Она печально улыбнулась.

– Я не ем в середине дня. Мне это не по карману, обхожусь чашечкой кофе.

– Ну так как насчет обеда?

– Подожди минутку, – сказала она. Пусть ее сердце учащенно билось, пусть от возбуждения напрягся каждый нерв, она не позволит делать из себя дурочку. – Ты бросил меня, Марк, ничего не объяснив и даже не попрощавшись. Почему ты считаешь, что стоит тебе взлететь по ступеням и позвать меня, как я сразу же пойду с тобой обедать?

Марк помрачнел.

– Понимаю, мое поведение могло показаться тебе непорядочным, – сказал он примирительным тоном, – но у меня были веские причины.

– Какие же?

Он помедлил. Разговаривать на эту тему было бы трудно, даже контролируй он полностью свои эмоции. А сейчас, когда он смотрел на Терезу и ему страстно хотелось ее поцеловать, такой разговор был просто невозможен.

– Тереза, я искренне сожалею, что обидел тебя. Поверь, что меньше всего я хотел причинить тебе боль. Ведь на самом деле я порвал с тобой, чтобы еще больше не расстраивать.

– Все так говорят, не так ли? – спросила она насмешливо. – «Я сделал это ради твоего же блага». – Я любила тебя, Марк, а ты меня оставил, просто взял и бросил. – Она попробовала было лихо прищелкнуть пальцами, но у нее ничего не получилось, потому что пальцы, как всегда, замерзли, а сейчас еще и дрожали.

Он посмотрел на нее с опаской. Она сказала «любила» в прошедшем времени. Означает ли это, что она больше его не любит?

– У тебя есть кто-нибудь? – спросил он.

– Нет, – ответила она, – но если бы и был, это тебя не касается.

Марк вздрогнул. Нет, нелегкое ему предстояло дело.

– Тереза, я прошу тебя пообедать со мной. Мне нужно с тобой поговорить.

Она упрямо сжала губы.

– Если хочешь поговорить со мной, говори. Когда я выслушаю тебя, тогда и решу, принять ли мне твое приглашение.

Уголки его губ приподнялись, чуть-чуть напомнив его прежнюю беззаботную улыбку.

– Я вижу, у меня нет выбора.

– Да, гуляка ты этакий, у тебя нет выбора!

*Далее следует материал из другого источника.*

lemma cexp_event_principal_weighting:
  fixes M :: "'a measure" and G :: "'a \<Rightarrow> 'b::{banach, second_countable_topology}"
    and X :: "'a \<Rightarrow> 'c::topological_space" and U :: "'a \<Rightarrow> 'u" and u v :: 'u
  defines "Ev a \<equiv> {\<omega> \<in> space M. U \<omega> = a}"
  defines "w \<equiv> \<lambda>\<omega>. (pscore M X U u \<omega> / (pscore M X U u \<omega> + pscore M X U v \<omega>))
                    / (measure M (Ev u) / (measure M (Ev u) + measure M (Ev v)))"
  assumes P: "prob_space M" and sub: "subalgebra M F"
    and X: "X \<in> borel_measurable F" and Y: "Y \<in> borel_measurable M"
    and ci: "cond_indep_given M Y U X"
    and Ev_F: "\<And>a. Ev a \<in> sets F"
    and A: "A \<in> sets M"
    and indep: "\<And>C. C \<in> sets F \<Longrightarrow> measure M (A \<inter> C) = measure M A * measure M C"
    and G_F: "G \<in> borel_measurable F" and G_XY: "G \<in> borel_measurable (sigmaXY M X Y)"
    and uv: "u \<noteq> v"
    and pos_u: "measure M (Ev u) > 0"
    and pos_A: "measure M (A \<inter> (Ev u \<union> Ev v)) > 0"
    and pos_den: "AE \<omega> in M. pscore M X U u \<omega> + pscore M X U v \<omega> > 0"
  shows "cexp_event M G (Ev u) = cexp_event M (\<lambda>\<omega>. w \<omega> *\<^sub>R G \<omega>) (A \<inter> (Ev u \<union> Ev v))"
proof -
  interpret prob_space M by fact
  have space_F: "space F = space M" and F_M: "sets F \<subseteq> sets M"
    using sub by (auto simp: subalgebra_def)
  have X_M: "X \<in> borel_measurable M"
    by (rule measurable_from_subalg[OF sub X])
  let ?ce = "\<lambda>S. real_cond_exp M (sigmaX M X) (indicator S)"
  let ?\<pi> = "\<lambda>a. measure M (Ev a)"
  define E where "E = Ev u \<union> Ev v"
  have Ev_M: "Ev a \<in> sets M" for a
    using Ev_F F_M by blast
  have E_F: "E \<in> sets F"
    unfolding E_def using Ev_F by blast
  have Ev_U: "Ev a = {\<omega> \<in> space M. U \<omega> \<in> {a}}" for a
    unfolding Ev_def by auto
  have E_U: "E = {\<omega> \<in> space M. U \<omega> \<in> {u, v}}"
    unfolding E_def Ev_def by auto
  have disjoint: "Ev u \<inter> Ev v = {}"
    using uv unfolding Ev_def by auto
  have pscore_eq: "pscore M X U a = ?ce (Ev a)" for a
    unfolding pscore_def Ev_def ..
  have w_X: "w \<in> borel_measurable (sigmaX M X)"
    unfolding w_def pscore_eq by measurable
  have w_F: "w \<in> borel_measurable F"
    by (rule measurable_from_subalg[OF subalgebra_sigmaX[OF X space_F] w_X])
  have w_XY: "w \<in> borel_measurable (sigmaXY M X Y)"
    by (rule measurable_sigmaXY_sigmaX[OF w_X])
  have w_M: "w \<in> borel_measurable M" and G_M: "G \<in> borel_measurable M"
    using measurable_from_subalg[OF sub] w_F G_F by blast+
  have wG_F: "(\<lambda>\<omega>. indicator E \<omega> *\<^sub>R (w \<omega> *\<^sub>R G \<omega>)) \<in> borel_measurable F"
    by (intro borel_measurable_scaleR borel_measurable_indicator E_F w_F G_F)
  have weight: "AE \<omega> in M. ?ce E \<omega> * w \<omega> = ((?\<pi> u + ?\<pi> v) / ?\<pi> u) * pscore M X U u \<omega>"
    using cond_exp_stratum_union_weight[OF P X_M _ uv] Ev_M pos_u pos_den
    unfolding w_def E_def Ev_def by blast
  have "(\<integral>\<omega>. indicator (A \<inter> E) \<omega> *\<^sub>R (w \<omega> *\<^sub>R G \<omega>) \<partial>M)
      = (\<integral>\<omega>. indicator A \<omega> *\<^sub>R (indicator E \<omega> *\<^sub>R (w \<omega> *\<^sub>R G \<omega>)) \<partial>M)"
    by (rule Bochner_Integration.integral_cong) (auto split: split_indicator)
  also have "\<dots> = measure M A *\<^sub>R (\<integral>\<omega>. indicator E \<omega> *\<^sub>R (w \<omega> *\<^sub>R G \<omega>) \<partial>M)"
    by (rule integral_indicator_indep_subalgebra[OF P sub A indep wG_F])
  also have "(\<integral>\<omega>. indicator E \<omega> *\<^sub>R (w \<omega> *\<^sub>R G \<omega>) \<partial>M) = (\<integral>\<omega>. ?ce E \<omega> *\<^sub>R (w \<omega> *\<^sub>R G \<omega>) \<partial>M)"
    unfolding E_U
    by (rule integral_indicator_cond_indep[OF P X_M Y ci]) (use Ev_M E_U E_F F_M w_XY G_XY in auto)
  also have "\<dots> = (\<integral>\<omega>. ((?\<pi> u + ?\<pi> v) / ?\<pi> u) *\<^sub>R (pscore M X U u \<omega> *\<^sub>R G \<omega>) \<partial>M)"
  proof (rule integral_cong_AE)
    show "AE \<omega> in M. ?ce E \<omega> *\<^sub>R (w \<omega> *\<^sub>R G \<omega>)
        = ((?\<pi> u + ?\<pi> v) / ?\<pi> u) *\<^sub>R (pscore M X U u \<omega> *\<^sub>R G \<omega>)"
      using weight by eventually_elim simp
  qed (use w_M G_M in \<open>simp_all add: pscore_eq\<close>)
  also have "\<dots> = ((?\<pi> u + ?\<pi> v) / ?\<pi> u) *\<^sub>R (\<integral>\<omega>. pscore M X U u \<omega> *\<^sub>R G \<omega> \<partial>M)"
    by (rule integral_scaleR_right)
  also have "(\<integral>\<omega>. pscore M X U u \<omega> *\<^sub>R G \<omega> \<partial>M) = (\<integral>\<omega>. indicator (Ev u) \<omega> *\<^sub>R G \<omega> \<partial>M)"
    using integral_indicator_cond_indep[OF P X_M Y ci _ G_XY, of "{u}"] Ev_M
    unfolding pscore_eq Ev_U by simp
  finally have integral_eq: "(\<integral>\<omega>. indicator (A \<inter> E) \<omega> *\<^sub>R (w \<omega> *\<^sub>R G \<omega>) \<partial>M)
      = (measure M A * ((?\<pi> u + ?\<pi> v) / ?\<pi> u)) *\<^sub>R (\<integral>\<omega>. indicator (Ev u) \<omega> *\<^sub>R G \<omega> \<partial>M)"
    by simp
  have measure_eq: "measure M (A \<inter> E) = measure M A * (?\<pi> u + ?\<pi> v)"
    using indep[OF E_F] disjoint Ev_M unfolding E_def by (simp add: measure_Union)
  then show ?thesis
    using pos_A pos_u integral_eq unfolding cexp_event_def E_def[symmetric]
    by (simp add: field_simps)
qed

– Все дело в том, что я не знаю, с чего начать.

– Может быть, с самого начала?

– Если бы знать, где оно. Но я совершенно уверен, что не знаю конца. Я только знаю, на какой конец я надеюсь.

Он встретился с ней взглядом и смотрел на нее, пока она не отвела глаза.

– Так начинай же.

– Ты уверена, что нас не прервут?

– Ну, я даже этого не могу пообещать. Начинай же, Марк, я внимательно слушаю тебя.

* * *

– Ну вот, – сказал Марк, закончив рассказ. – Теперь ты все знаешь.

Тереза сидела с опущенной головой, вертя карандаш в руках, на которых были надеты перчатки без пальцев. Пока он говорил, она молчала, буквально остолбенев от его откровений. Теперь же она взглянула на него увлажнившимися глазами.

– Боже мой! – произнесла она. – Ты уверен, что все это правда?

– Совершенно уверен. Хьюго Варна был твоим отцом.

– Был?

– Он умер на прошлой неделе. Разве ты не читала об этом в газетах?

Она покачала головой. Она была так занята, что целую неделю не заглядывала в газеты, даже не читала сводки новостей.

– Он умер от сердечного приступа, возможно, вызванного всей этой историей, хотя никто не может этого утверждать. Хьюго, несомненно, слишком много работал, не щадил себя. – Марк немного помедлил, – Как мне хотелось приехать к тебе и рассказать все это пораньше, чтобы ты успела на похороны – конечно, если бы захотела. Но моя мать была в ужасном состоянии. Я не мог ее оставить.

– Понимаю.

– Она во всем винит себя. Сначала я тоже винил ее, но теперь начинаю понимать, почему она сделала… то, что сделала.

Тереза кивнула.

– Бедная Салли! Она, должно быть, прошла через ад.

– Да. – Любовь к Терезе теплой волной захлестнула его. После всего, что ей пришлось пережить, она все-таки нашла в себе силы посочувствовать Салли.

– Мне очень хотелось, чтобы ты была там, – сказал он. – Все-таки ты его дочь.

Она снова опустила глаза, уставившись на свои руки.

– Да Это многое объясняет Прежде всего то, откуда у меня эти способности Это еще раз доказывает важную роль наследственности. Я его никогда не видела, даже не знала его, и все же… У меня никогда ни к чему не лежала душа, только к моделированию. Но моя мать… О Боже! – ее охватила дрожь. – Бедная моя мать! Надеюсь лишь, что я не унаследовала черты ее характера.

– Не беспокойся об этом, – быстро прервал ее Марк. – Такой, какой она стала, ее сделало стечение обстоятельств… И знаешь, Гарриет, например, в полном порядке. Она твоя единокровная сестра, и в жизни трудно встретить человека более здравомыслящего, чем Гарриет.

– Гарриет Варна, – произнесла Тереза задумчиво. – Знаешь, а я слышала о ней. Она ведь фотограф?

– Да. И очень хороший. Она с нетерпением ждет встречи с тобой.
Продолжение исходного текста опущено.